Insilico Medicine, a global company specializing in the applications of the next-generation machine learning technologies for drug discovery and development, that its AI-powered drug discovery platform had delivered the preclinical candidate ("PCC") for kidney fibrosis.
The preclinical candidate has the desirable pharmacological properties, pharmacokinetic profile, and demonstrated highly promising results in in-vitro and in-vivo preclinical studies. Insilico Medicine is working to advance this program to clinical trials.
"Chronic kidney disease affects 10 percent of the world's population, and, unfortunately, it has no cures or efficacious drugs on the market," said Alex Zhavoronkov, Ph.D., founder and CEO of Insilico Medicine. "Kidney fibrosis is the common pathogenesis in the progression of chronic kidney disease ("CKD") and is a major unmet medical need. Approximately 850 million people worldwide, almost a billion, have kidney disease often being driven by or associated with kidney fibrosis. We are very excited to see that our AI-powered drug discovery engine has managed to uncover novel targets and novel molecules that have demonstrated preclinical efficacy in kidney fibrosis. We also used our InClinico engine to produce the actuarial models for the multiple diseases driven by kidney fibrosis, and are very excited about the clinical prospects of this program."
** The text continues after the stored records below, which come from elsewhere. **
(* Let $M$ be a graded $R$-module. If the map $\psi^q$ is surjective, then for every $r\in h(R)$ the open set $GX_r^{qp.M}$ of $qp.Spec_g(M)$ (with the quasi-Zariski topology) is quasi-compact. In particular, $qp.Spec_g(M)$ with the quasi-Zariski topology is quasi-compact.
   Context: $R=\bigoplus_{g\in G}R_g$ is a graded commutative ring with identity graded by a group $G$, $h(R)=\bigcup_g R_g$; $M$ is a graded $R$-module, $h(M)$ its homogeneous elements. $Gr(I)$ is the graded radical of a graded ideal $I$. $(K:_RM)=\{r: rM\subseteq K\}$. Graded prime submodule: proper graded $P$ with $rm\in P$ ($r\in h(R), m\in h(M)$) implying $m\in P$ or $r\in(P:_RM)$. $Gr_M(K)$: intersection of graded prime submodules containing $K$ ($M$ if none). Graded primeful property of $K$: for each graded prime $p\supseteq(K:_RM)$ there is a graded prime submodule $P\supseteq K$ with $(P:_RM)=p$. Graded quasi-primary submodule: proper graded $Q$ with $rm\in Q$ ($r\in h(R),m\in h(M)$) implying $r\in Gr((Q:_RM))$ or $m\in Gr_M(Q)$. $qp.Spec_g(M)$: graded quasi-primary submodules with the graded primeful property. $qp\text{-}V_M^g(K)=\{Q\in qp.Spec_g(M): Gr((Q:_RM))\supseteq Gr((K:_RM))\}$; the quasi-Zariski topology has closed sets exactly these. $GX_r^{qp.M}=qp.Spec_g(M)\setminus qp\text{-}V_M^g(rM)$. $\overline R=R/\mathrm{Ann}(M)$. A graded quasi-primary ideal of $\overline R$ is a proper graded ideal $q$ with $ab\in q$ ($a,b$ homogeneous) implying $a\in Gr(q)$ or $b\in Gr(q)$; $qp.Spec_g(\overline R)$ is the set of them. $\psi^q:qp.Spec_g(M)\to qp.Spec_g(\overline R)$ is $\psi^q(Q)=(Q:_RM)/\mathrm{Ann}(M)$. *)

theory Defs
  imports "HOL-Algebra.Algebra"
begin

text \<open>A grading of the additive structure of A (a ring, or the additive group of a module)
  by the family Ag: c is the homogeneous decomposition of x.\<close>
definition gdecomp :: "('x, 'e) ring_scheme \<Rightarrow> ('g \<Rightarrow> 'x set) \<Rightarrow> 'x \<Rightarrow> ('g \<Rightarrow> 'x) \<Rightarrow> bool" where
  "gdecomp A Ag x c \<longleftrightarrow> (\<forall>g. c g \<in> Ag g) \<and> finite {g. c g \<noteq> \<zero>\<^bsub>A\<^esub>}
      \<and> x = finsum A c {g. c g \<noteq> \<zero>\<^bsub>A\<^esub>}"

definition gcomp :: "('x, 'e) ring_scheme \<Rightarrow> ('g \<Rightarrow> 'x set) \<Rightarrow> 'x \<Rightarrow> 'g \<Rightarrow> 'x" where
  "gcomp A Ag x = (THE c. gdecomp A Ag x c)"

definition hom_elems :: "('g \<Rightarrow> 'x set) \<Rightarrow> 'x set" where
  "hom_elems Ag = (\<Union>g. Ag g)"

definition direct_sum_grading :: "('x, 'e) ring_scheme \<Rightarrow> ('g \<Rightarrow> 'x set) \<Rightarrow> bool" where
  "direct_sum_grading A Ag \<longleftrightarrow> (\<forall>g. additive_subgroup (Ag g) A)
      \<and> (\<forall>x \<in> carrier A. \<exists>!c. gdecomp A Ag x c)"

definition graded_ring :: "('a, 'c) ring_scheme \<Rightarrow> ('g::group_add \<Rightarrow> 'a set) \<Rightarrow> bool" where
  "graded_ring R Rg \<longleftrightarrow> cring R \<and> direct_sum_grading R Rg
      \<and> (\<forall>g h. \<forall>a \<in> Rg g. \<forall>b \<in> Rg h. a \<otimes>\<^bsub>R\<^esub> b \<in> Rg (g + h))"

definition graded_module ::
  "('a, 'c) ring_scheme \<Rightarrow> ('g::group_add \<Rightarrow> 'a set) \<Rightarrow> ('a, 'b) module \<Rightarrow> ('g \<Rightarrow> 'b set) \<Rightarrow> bool" where
  "graded_module R Rg M Mg \<longleftrightarrow> graded_ring R Rg \<and> module R M \<and> direct_sum_grading M Mg
      \<and> (\<forall>g h. \<forall>a \<in> Rg g. \<forall>m \<in> Mg h. a \<odot>\<^bsub>M\<^esub> m \<in> Mg (g + h))"

definition graded_ideal :: "('a, 'c) ring_scheme \<Rightarrow> ('g \<Rightarrow> 'a set) \<Rightarrow> 'a set \<Rightarrow> bool" where
  "graded_ideal R Rg I \<longleftrightarrow> ideal I R \<and> (\<forall>x \<in> I. \<forall>g. gcomp R Rg x g \<in> I)"

definition graded_radical :: "('a, 'c) ring_scheme \<Rightarrow> ('g \<Rightarrow> 'a set) \<Rightarrow> 'a set \<Rightarrow> 'a set" where
  "graded_radical R Rg I = {x \<in> carrier R. \<forall>g. \<exists>n::nat. n > 0 \<and> gcomp R Rg x g [^]\<^bsub>R\<^esub> n \<in> I}"

definition graded_prime_ideal :: "('a, 'c) ring_scheme \<Rightarrow> ('g \<Rightarrow> 'a set) \<Rightarrow> 'a set \<Rightarrow> bool" where
  "graded_prime_ideal R Rg p \<longleftrightarrow> graded_ideal R Rg p \<and> p \<noteq> carrier R
      \<and> (\<forall>a \<in> hom_elems Rg. \<forall>b \<in> hom_elems Rg. a \<otimes>\<^bsub>R\<^esub> b \<in> p \<longrightarrow> a \<in> p \<or> b \<in> p)"

definition graded_qp_ideal :: "('a, 'c) ring_scheme \<Rightarrow> ('g \<Rightarrow> 'a set) \<Rightarrow> 'a set \<Rightarrow> bool" where
  "graded_qp_ideal R Rg q \<longleftrightarrow> graded_ideal R Rg q \<and> q \<noteq> carrier R
      \<and> (\<forall>a \<in> hom_elems Rg. \<forall>b \<in> hom_elems Rg. a \<otimes>\<^bsub>R\<^esub> b \<in> q \<longrightarrow>
            a \<in> graded_radical R Rg q \<or> b \<in> graded_radical R Rg q)"

definition qp_spec_ring :: "('a, 'c) ring_scheme \<Rightarrow> ('g \<Rightarrow> 'a set) \<Rightarrow> 'a set set" where
  "qp_spec_ring R Rg = {q. graded_qp_ideal R Rg q}"

definition graded_submodule ::
  "('a, 'c) ring_scheme \<Rightarrow> ('a, 'b) module \<Rightarrow> ('g \<Rightarrow> 'b set) \<Rightarrow> 'b set \<Rightarrow> bool" where
  "graded_submodule R M Mg N \<longleftrightarrow> submodule N R M \<and> (\<forall>x \<in> N. \<forall>g. gcomp M Mg x g \<in> N)"

definition colon :: "('a, 'c) ring_scheme \<Rightarrow> ('a, 'b) module \<Rightarrow> 'b set \<Rightarrow> 'a set" where
  "colon R M K = {r \<in> carrier R. \<forall>m \<in> carrier M. r \<odot>\<^bsub>M\<^esub> m \<in> K}"
definition jump_repair :: "nat \<Rightarrow> nat set set \<Rightarrow> nat \<Rightarrow> nat set \<Rightarrow> nat set pmf" where
  "jump_repair n E k x = do {
     f \<leftarrow> Pi_pmf x False (\<lambda>_. bernoulli_pmf (1/2));
     let S = {v \<in> x. f v};
     let y = (x - S) \<union> {u. \<exists>v\<in>S. {u, v} \<in> E};
     fill n k y }"

primrec indep_list :: "'a pmf list \<Rightarrow> 'a list pmf" where
  "indep_list [] = return_pmf []"
| "indep_list (p # ps) = do { x \<leftarrow> p; xs \<leftarrow> indep_list ps; return_pmf (x # xs) }"

definition step_one :: "nat \<Rightarrow> nat set set \<Rightarrow> nat \<Rightarrow> nat set list \<Rightarrow> nat set list pmf" where
  "step_one n E k P = do {
     P' \<leftarrow> indep_list (map (jump_repair n E k) P);
     return_pmf (if feasible_pop n E k P' \<and> diversity P' \<ge> diversity P then P' else P) }"

definition select_candidates :: "nat \<Rightarrow> nat set set \<Rightarrow> nat \<Rightarrow> nat \<Rightarrow> nat set list \<Rightarrow> nat set list set" where
  "select_candidates n E k \<mu> Pool =
     {Q. mset Q \<subseteq># mset Pool \<and> length Q = \<mu> \<and> feasible_pop n E k Q}"

definition select :: "nat \<Rightarrow> nat set set \<Rightarrow> nat \<Rightarrow> nat \<Rightarrow> nat set list \<Rightarrow> nat set list pmf" where
  "select n E k \<mu> Pool = pmf_of_set
     {Q \<in> select_candidates n E k \<mu> Pool.
        \<forall>Q'\<in>select_candidates n E k \<mu> Pool. diversity Q' \<le> diversity Q}"

definition step_plus :: "nat \<Rightarrow> nat set set \<Rightarrow> nat \<Rightarrow> nat \<Rightarrow> nat set list \<Rightarrow> nat set list pmf" where
  "step_plus n E k lam P = do {
     Off \<leftarrow> indep_list (replicate lam
            (do { i \<leftarrow> pmf_of_set {..<length P}; jump_repair n E k (P ! i) }));
     select n E k (length P) (P @ Off) }"

definition run :: "('s \<Rightarrow> 's pmf) \<Rightarrow> nat \<Rightarrow> 's \<Rightarrow> 's pmf" where
  "run step t P = ((\<lambda>p. bind_pmf p step) ^^ t) (return_pmf P)"

end

theory Submission
  imports Defs
begin
(* For any $0\le t<1$ and $x\in\mathbb{R}$, $J^*(t,x)\ge g(t,x)$, where $$J^*(t,x)=\begin{cases}(1-t)^{n+1/2}(F_{2n+1}+G_{2n+1})(x/\sqrt{1-t})\,j(B^* ), & |x|<B^*\sqrt{1-t},\\ g(t,x), & |x|\ge B^*\sqrt{1-t}.\end{cases}$$
   Context: $n\ge0$ is an integer. $F_q(y):=\int_0^\infty u^{q-1}e^{yu-u^2/2}\,\mathrm{d}u$ and $G_q(y):=F_q(-y)$. $B^*>0$ is the unique zero of $B\mapsto(2n+1)-BF'_{2n+1}(B)/F_{2n+1}(B)$; it maximizes $B\mapsto B^{2n+1}/F_{2n+1}(B)$. $U(t,x)=(1-t)^{n+1/2}(B^* )^{2n+1}F_{2n+1}(x/\sqrt{1-t})/F_{2n+1}(B^* )$ if $x<B^*\sqrt{1-t}$, and $U(t,x)=x^{2n+1}$ otherwise. $g(t,x):=(U(t,x)-x^{2n+1})1_{\{x\le0\}}+(U(t,-x)+x^{2n+1})1_{\{x>0\}}$. $j(D):=\frac{1}{(F_{2n+1}+G_{2n+1})(D)}[D^{2n+1}+(B^* )^{2n+1}G_{2n+1}(D)/F_{2n+1}(B^* )]$ for $D\ge0$. *)

theory Defs
  imports "HOL-Analysis.Analysis"
begin

definition F :: "nat \<Rightarrow> real \<Rightarrow> real" where
  "F q y = integral {0..} (\<lambda>u::real. u ^ (q - 1) * exp (y * u - u\<^sup>2 / 2))"

definition G :: "nat \<Rightarrow> real \<Rightarrow> real" where
  "G q y = F q (- y)"

definition Bstar :: "nat \<Rightarrow> real" where
  "Bstar n = (THE B. B > 0 \<and>
      real (2*n+1) - B * deriv (F (2*n+1)) B / F (2*n+1) B = 0)"

definition U :: "nat \<Rightarrow> real \<Rightarrow> real \<Rightarrow> real" where
  "U n t x = (if x < Bstar n * sqrt (1 - t)
     then (1 - t) powr (real n + 1/2) * (Bstar n) ^ (2*n+1)
          * F (2*n+1) (x / sqrt (1 - t)) / F (2*n+1) (Bstar n)
     else x ^ (2*n+1))"

definition g :: "nat \<Rightarrow> real \<Rightarrow> real \<Rightarrow> real" where
  "g n t x = (if x \<le> 0 then U n t x - x ^ (2*n+1) else U n t (- x) + x ^ (2*n+1))"

definition j :: "nat \<Rightarrow> real \<Rightarrow> real" where
  "j n D = (D ^ (2*n+1) + (Bstar n) ^ (2*n+1) * G (2*n+1) D / F (2*n+1) (Bstar n))
           / (F (2*n+1) D + G (2*n+1) D)"
lemma measure_lattice_Union_ball_le:
  fixes C :: "(real \<times> real) set"
  assumes a: "a > 0" and b: "b > 0" and C: "open C" "C \<subseteq> ball 0 R"
  shows "measure lborel ((\<Union>x\<in>skew_lattice a b s. (+) x ` C) \<inter> ball 0 r)
           \<le> real (card (skew_lattice a b s \<inter> cball 0 (r + R))) * measure lborel C"
proof -
  define S where "S = skew_lattice a b s \<inter> cball 0 (r + R)"
  have S: "finite S" unfolding S_def by (rule finite_skew_lattice_cball[OF a b])
  have bC: "bounded C" using C(2) bounded_subset[OF bounded_ball] by blast
  have "measure lborel ((\<Union>x\<in>skew_lattice a b s. (+) x ` C) \<inter> ball 0 r)
      \<le> measure lborel (\<Union>x\<in>S. (+) x ` C)"
  proof (rule measure_mono_fmeasurable[OF _ _ fmeasurable_translates_Union[OF C(1) bC S]])
    show "(\<Union>x\<in>skew_lattice a b s. (+) x ` C) \<inter> ball 0 r \<subseteq> (\<Union>x\<in>S. (+) x ` C)"
    proof
      fix y assume "y \<in> (\<Union>x\<in>skew_lattice a b s. (+) x ` C) \<inter> ball 0 r"
      then obtain x c where x: "x \<in> skew_lattice a b s" and c: "c \<in> C" and y: "y = x + c"
        and xc: "norm (x + c) < r" by auto
      have "norm x \<le> norm (x + c) + norm c" using norm_triangle_ineq4[of "x + c" c] by simp
      also have "\<dots> \<le> r + R" using xc c C(2) by (intro add_mono) auto
      finally show "y \<in> (\<Union>x\<in>S. (+) x ` C)" using x c y unfolding S_def by auto
    qed
    show "(\<Union>x\<in>skew_lattice a b s. (+) x ` C) \<inter> ball 0 r \<in> sets lborel"
      using open_Int[OF open_translates_Union[OF C(1)] open_ball] by simp
  qed
  also have "\<dots> \<le> real (card S) * measure lborel C" by (rule measure_translates_Union_le[OF C(1) S])
  finally show ?thesis unfolding S_def .
qed

lemma lattice_Union_ball_density_bounds:
  fixes C :: "(real \<times> real) set"
  assumes a: "a > 0" and b: "b > 0" and C: "open C" "C \<subseteq> ball 0 R" and R: "R \<ge> 0"
    and disj: "disjoint_family_on (\<lambda>x. (+) x ` C) (skew_lattice a b s)"
    and r: "R + a + b \<le> r"
  defines "E \<equiv> R + a + b" and "\<mu> \<equiv> measure lborel C / (a * b)"
  shows "\<mu> * ((r - E) / r)\<^sup>2 \<le> measure lborel ((\<Union>x\<in>skew_lattice a b s. (+) x ` C) \<inter> ball 0 r) / (pi * r\<^sup>2)"
    and "measure lborel ((\<Union>x\<in>skew_lattice a b s. (+) x ` C) \<inter> ball 0 r) / (pi * r\<^sup>2) \<le> \<mu> * ((r + E) / r)\<^sup>2"
proof -
  define N where "N t = real (card (skew_lattice a b s \<inter> cball 0 t))" for t
  have \<mu>: "\<mu> \<ge> 0" "measure lborel C = \<mu> * (a * b)" unfolding \<mu>_def using a b by auto
  have "\<mu> * (pi * (r - E)\<^sup>2) \<le> \<mu> * (N (r - R) * (a * b))"
    using card_skew_lattice_cball_ge[OF a b, of "r - R" s] r \<mu>(1)
    unfolding N_def E_def by (intro mult_left_mono) (auto simp: algebra_simps)
  also have "\<dots> \<le> measure lborel ((\<Union>x\<in>skew_lattice a b s. (+) x ` C) \<inter> ball 0 r)"
    using measure_lattice_Union_ball_ge[OF a b C disj, where r=r] unfolding N_def \<mu>(2) by (simp add: ac_simps)
  finally have "\<mu> * (pi * (r - E)\<^sup>2) / (pi * r\<^sup>2)
      \<le> measure lborel ((\<Union>x\<in>skew_lattice a b s. (+) x ` C) \<inter> ball 0 r) / (pi * r\<^sup>2)"
    by (rule divide_right_mono) simp
  then show "\<mu> * ((r - E) / r)\<^sup>2
      \<le> measure lborel ((\<Union>x\<in>skew_lattice a b s. (+) x ` C) \<inter> ball 0 r) / (pi * r\<^sup>2)"
    by (simp add: power_divide)
  have "measure lborel ((\<Union>x\<in>skew_lattice a b s. (+) x ` C) \<inter> ball 0 r) \<le> \<mu> * (N (r + R) * (a * b))"
    using measure_lattice_Union_ball_le[OF a b C, where r=r] unfolding N_def \<mu>(2) by (simp add: ac_simps)
  also have "\<dots> \<le> \<mu> * (pi * (r + E)\<^sup>2)"
    using card_skew_lattice_cball_le[OF a b, of "r + R" s] r R a b \<mu>(1)
    unfolding N_def E_def by (intro mult_left_mono) (auto simp: algebra_simps)
  finally have "measure lborel ((\<Union>x\<in>skew_lattice a b s. (+) x ` C) \<inter> ball 0 r) / (pi * r\<^sup>2)
      \<le> \<mu> * (pi * (r + E)\<^sup>2) / (pi * r\<^sup>2)"
    by (rule divide_right_mono) simp
  then show "measure lborel ((\<Union>x\<in>skew_lattice a b s. (+) x ` C) \<inter> ball 0 r) / (pi * r\<^sup>2)
      \<le> \<mu> * ((r + E) / r)\<^sup>2"
    by (simp add: power_divide)
qed

lemma tendsto_lattice_union_density:
  fixes C :: "(real \<times> real) set"
  assumes a: "a > 0" and b: "b > 0" and C: "open C" "bounded C"
    and disj: "disjoint_family_on (\<lambda>x. (+) x ` C) (skew_lattice a b s)"
  shows "((\<lambda>r. measure lborel ((\<Union>x\<in>skew_lattice a b s. (+) x ` C) \<inter> ball 0 r) / (pi * r\<^sup>2))
           \<longlongrightarrow> measure lborel C / (a * b)) at_top"
proof -
  obtain R where R: "R > 0" "C \<subseteq> ball 0 R" using bounded_subset_ballD[OF C(2)] by blast
  define E where "E = R + a + b"
  define \<mu> where "\<mu> = measure lborel C / (a * b)"
  note bounds = lattice_Union_ball_density_bounds[OF a b C(1) R(2) less_imp_le[OF R(1)] disj,
      folded E_def \<mu>_def]
  show ?thesis
  proof (rule tendsto_sandwich)
    show "\<forall>\<^sub>F r in at_top. \<mu> * ((r - E) / r)\<^sup>2
        \<le> measure lborel ((\<Union>x\<in>skew_lattice a b s. (+) x ` C) \<inter> ball 0 r) / (pi * r\<^sup>2)"
      using eventually_ge_at_top[of E] by (rule eventually_mono) (use bounds(1) E_def in simp)
    show "\<forall>\<^sub>F r in at_top. measure lborel ((\<Union>x\<in>skew_lattice a b s. (+) x ` C) \<inter> ball 0 r) / (pi * r\<^sup>2)
        \<le> \<mu> * ((r + E) / r)\<^sup>2"
      using eventually_ge_at_top[of E] by (rule eventually_mono) (use bounds(2) E_def in simp)
    show "((\<lambda>r. \<mu> * ((r - E) / r)\<^sup>2) \<longlongrightarrow> measure lborel C / (a * b)) at_top"
      unfolding \<mu>_def by real_asymp
    show "((\<lambda>r. \<mu> * ((r + E) / r)\<^sup>2) \<longlongrightarrow> measure lborel C / (a * b)) at_top"
      unfolding \<mu>_def by real_asymp
  qed
qed

section \<open>Q cells of a lattice\<close>

text \<open>For finite nonempty \<open>N\<close> with \<open>0 \<notin> N\<close> this is \<open>Q_cell (insert 0 N) \<rho> 0\<close>.\<close>

definition origin_cell :: "real \<Rightarrow> (real \<times> real) set \<Rightarrow> (real \<times> real) set" where
  "origin_cell \<rho> N = {z. \<forall>n\<in>N. \<rho> * norm z < norm (n - z)}"

lemma open_origin_cell:
  assumes "finite N"
  shows "open (origin_cell \<rho> N)"
proof -
  have "origin_cell \<rho> N = (\<Inter>n\<in>N. {z. \<rho> * norm z < norm (n - z)})"
    unfolding origin_cell_def by auto
  then show ?thesis using assms by (auto intro!: open_Collect_less continuous_intros)
qed

lemma origin_cell_subset_ball:
  assumes "\<rho> > 1" "n \<in> N"
  shows "origin_cell \<rho> N \<subseteq> ball 0 (norm n / (\<rho> - 1))"
proof
  fix z assume "z \<in> origin_cell \<rho> N"
  then have "\<rho> * norm z < norm (n - z)" using assms(2) unfolding origin_cell_def by blast
  also have "\<dots> \<le> norm n + norm z" by (rule norm_triangle_ineq4)
  finally have "(\<rho> - 1) * norm z < norm n" by (simp add: algebra_simps)
  then show "z \<in> ball 0 (norm n / (\<rho> - 1))" using assms(1) by (simp add: field_simps)
qed

lemma INF_norm_lattice_shift:
  fixes L :: "(real \<times> real) set"
  assumes diff: "\<And>x y. x \<in> L \<Longrightarrow> y \<in> L \<Longrightarrow> x - y \<in> L"
    and add: "\<And>x y. x \<in> L \<Longrightarrow> y \<in> L \<Longrightarrow> x + y \<in> L" and x: "x \<in> L"
  shows "(INF x'\<in>L - {x}. norm (x' - y)) = (INF w\<in>L - {0}. norm (w - (y - x)))"
proof -
  have "(\<lambda>x'. norm (x' - y)) ` (L - {x}) = (\<lambda>w. norm (w - (y - x))) ` (L - {0})"
  proof (rule set_eqI, rule iffI)
    fix v assume "v \<in> (\<lambda>x'. norm (x' - y)) ` (L - {x})"
    then obtain x' where x': "x' \<in> L" "x' \<noteq> x" "v = norm (x' - y)" by auto
    have "x' - x \<in> L - {0}" using x' x diff by auto
    moreover have "v = norm ((x' - x) - (y - x))" using x' by (simp add: algebra_simps)
    ultimately show "v \<in> (\<lambda>w. norm (w - (y - x))) ` (L - {0})" by blast
  next
    fix v assume "v \<in> (\<lambda>w. norm (w - (y - x))) ` (L - {0})"
    then obtain w where w: "w \<in> L" "w \<noteq> 0" "v = norm (w - (y - x))" by auto
    have "x + w \<in> L - {x}" using w x add by auto
    moreover have "v = norm ((x + w) - y)" using w by (simp add: algebra_simps)
    ultimately show "v \<in> (\<lambda>x'. norm (x' - y)) ` (L - {x})" by blast
  qed
  then show ?thesis by (simp add: image_image)
qed

lemma less_INF_norm_iff_origin_cell:
  fixes L N :: "(real \<times> real) set"
  assumes N: "finite N" "N \<noteq> {}" "N \<subseteq> L - {0}"
    and nearest: "\<And>z w. z \<in> origin_cell \<rho> N \<Longrightarrow> w \<in> L - {0} \<Longrightarrow> \<exists>n\<in>N. norm (n - z) \<le> norm (w - z)"
  shows "\<rho> * norm z < (INF w\<in>L - {0}. norm (w - z)) \<longleftrightarrow> z \<in> origin_cell \<rho> N"
proof
  assume z: "\<rho> * norm z < (INF w\<in>L - {0}. norm (w - z))"
  have "(INF w\<in>L - {0}. norm (w - z)) \<le> norm (n - z)" if "n \<in> N" for n
    using that N(3) by (intro cINF_lower bdd_belowI[of _ 0]) auto
  then show "z \<in> origin_cell \<rho> N" using z unfolding origin_cell_def by force
next
  assume z: "z \<in> origin_cell \<rho> N"
  define m where "m = Min ((\<lambda>n. norm (n - z)) ` N)"
  have "\<rho> * norm z < m" unfolding m_def using N(1,2) z unfolding origin_cell_def by simp
  also have "m \<le> (INF w\<in>L - {0}. norm (w - z))"
  proof (rule cINF_greatest)
    show "L - {0} \<noteq> {}" using N by auto
    fix w assume "w \<in> L - {0}"
    then obtain n where n: "n \<in> N" "norm (n - z) \<le> norm (w - z)" using nearest[OF z] by blast
    have "m \<le> norm (n - z)" unfolding m_def using N(1) n(1) by (intro Min_le) auto
    then show "m \<le> norm (w - z)" using n(2) by linarith
  qed
  finally show "\<rho> * norm z < (INF w\<in>L - {0}. norm (w - z))" .
qed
According to the Centers for Disease Control ("CDC"), more than 1 in 7, or 15% of US adults or 37 million people, are estimated to have CKD. It leads to the gradual loss of kidney function over a period of several months to several years. While there are many causes of CKD including diabetes mellitus, hypertension, and glomerulonephritis, the origin of the disease is often unknown and is referred to as idiopathic.
Insilico Medicine achieved a great breakthrough in February 2021 when it announced that its AI system identified a novel drug target and novel compound to treat idiopathic pulmonary fibrosis ("IPF"), which is another fibrotic disease affecting patients worldwide with high unmet medical needs. What also made the discovery noteworthy was that this was achieved within 18 months and a $2.6 million budget.
Repeating that success, Insilico Medicine leveraged its PandaOmics to develop the target hypothesis for kidney fibrosis, and used Chemistry42 to generate compounds with drug-like properties. The compound that markedly inhibited the development of fibrosis and significantly improved myofibroblast activation are critical for tissue repair and wound healing.
Insilico Medicine plans to complete the IND-enabling studies for this program in 2022.
"A good drug is easy to make and nontoxic, which affects diseases we are worrying about. But it is very difficult. However, this is where Insilico Medicine has been such a breakthrough. From my perspective, Insilico Medicine will affect the whole biopharma industry. People will witness how they design new drugs for new diseases with much less cost than traditional methods , but also much quicker," said Michael Levitt, Nobel Laureate in Chemistry, 2013 and member of Insilico Medicine's Science Advisory Board.
Founded in 2014, Insilico Medicine has raised more than $300 million. It plans to use the proceeds received from Series C financing completed in June to accelerate the development of drug candidates for kidney fibrosis and IPF and leverage its AI-powered end-to-end solutions for discoveries of more drug candidates.